6.5	2026-01-16	Context Caching Complete (Option G): Implemented provider-side caching for 75-90% cost reduction. RetrievalCache: src/memory/retrieval/cache.py with LRU eviction, configurable TTL (default 3600s), thread-safe operations (RLock), per-user invalidation, hit/miss metrics, serialization support. Provider Integration: LocalMemoryProvider use_cache parameter (default: False), automatic invalidation on store/delete/clear, get_cache_metrics() for monitoring. Council Review: Unanimous approval, invalidation strategy validated, auth drift concern noted (recommend invalidate on permission changes), default TTL 5 minutes recommended. GitHub Issues: Closed #127, #128. Test count: 1067 memory tests (37 new Caching tests). TDD approach.
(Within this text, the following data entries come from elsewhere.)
(* Let $0<\lambda\le\Lambda$, let $\Omega \subset \mathbb R\times\mathbb R^d$ be any set, and let $u:\Omega\to\mathbb R$ be a function which at every point of $\Omega$ is twice differentiable in $x$ and differentiable in $t$. The following are equivalent: (1) There exists a function $F$ on real symmetric $d\times d$ matrices, uniformly elliptic with constants $\lambda,\Lambda$, such that $u_t(t,x) = F(D^2u(t,x))$ for all $(t,x)\in\Omega$. (2) For every pair of points $(t,x),(s,y)\in\Omega$, $$P^-\big(D^2u(t,x) - D^2u(s,y)\big) \le u_t(t,x) - u_t(s,y) \le P^+\big(D^2u(t,x)-D^2u(s,y)\big).$$
   Context: A function $F$ on real symmetric $d\times d$ matrices is uniformly elliptic with constants $0<\lambda\le\Lambda$ if for all symmetric $A,B$ with $B \ge 0$, $\lambda \operatorname{tr} B \le F(A+B) - F(A) \le \Lambda \operatorname{tr} B$. The Pucci operators are $P^+(M) = \Lambda \operatorname{tr} M_+ - \lambda \operatorname{tr} M_-$ and $P^-(M) = \lambda \operatorname{tr} M_+ - \Lambda \operatorname{tr} M_-$, where $M=M_+-M_-$ with $M_\pm$ positive semidefinite with orthogonal ranges (positive and negative parts of $M$). *)

theory Defs
  imports "HOL-Analysis.Analysis"
begin

definition symmetric_mat :: "real^'n^'n \<Rightarrow> bool" where
  "symmetric_mat M \<longleftrightarrow> transpose M = M"

definition psd_mat :: "real^'n^'n \<Rightarrow> bool" where
  "psd_mat M \<longleftrightarrow> symmetric_mat M \<and> (\<forall>x. 0 \<le> x \<bullet> (M *v x))"

definition pos_part_mat :: "real^'n^'n \<Rightarrow> real^'n^'n" where
  "pos_part_mat M = (THE P. \<exists>N. psd_mat P \<and> psd_mat N \<and>
       (\<forall>x y. (P *v x) \<bullet> (N *v y) = 0) \<and> M = P - N)"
6.6	2026-01-16	Production Optimization Complete (Phase D): Implemented operational monitoring and documentation for production readiness. HNSW Scale Monitoring: src/memory/observability/scale_milestones.py with ScaleMilestoneTracker (10k/50k/100k items), MilestoneCheckResult for health checks, configurable recall/latency thresholds, callback-based health check triggers. RRF Weight Tuning: Updated fusion.py with per-source weights parameter for tunable multi-source retrieval. Graph Query Monitoring: src/memory/observability/graph_metrics.py with GraphMetricsCollector (p50/p95/p99 latency), hop-level latency breakdown (direct/neighbor/predecessor), QueryMeasurementContext for easy instrumentation, GraphSizeSnapshot for node/edge tracking. Operations Runbook: docs/operations/memory-runbook.md with architecture overview, key metrics, troubleshooting guides, scaling guidelines, health check procedures. GitHub Issues: Closed #129, #130, #131. Test count: 1133 memory tests (69 new Phase D tests: 36 scale milestones, 6 RRF weights, 27 graph metrics). TDD approach.
6.7	2026-01-16	MaaS Trust Model Documented (Phase 4.2): Added Trust Model section documenting architectural decisions raised by LLM Council. Trust Boundary: MaaS APIs are internal interfaces called by trusted orchestrator layer. What's Enforced: Capability checks, scope hierarchy, capacity limits (DoS prevention), audit logging, 128-bit ID entropy, defensive copies, handoff lifecycle. What's NOT Enforced: Authentication (MCP server layer), owner_id verification (orchestrator responsibility), pool membership authorization (orchestrator controls exposure). Rationale: Follows same pattern as ExtensionRegistry, LocalMemoryProvider. Implementation Tracker: Updated with 7 MaaS completion entries. Test count: 1282 memory tests (149 MaaS tests). Council feedback incorporated.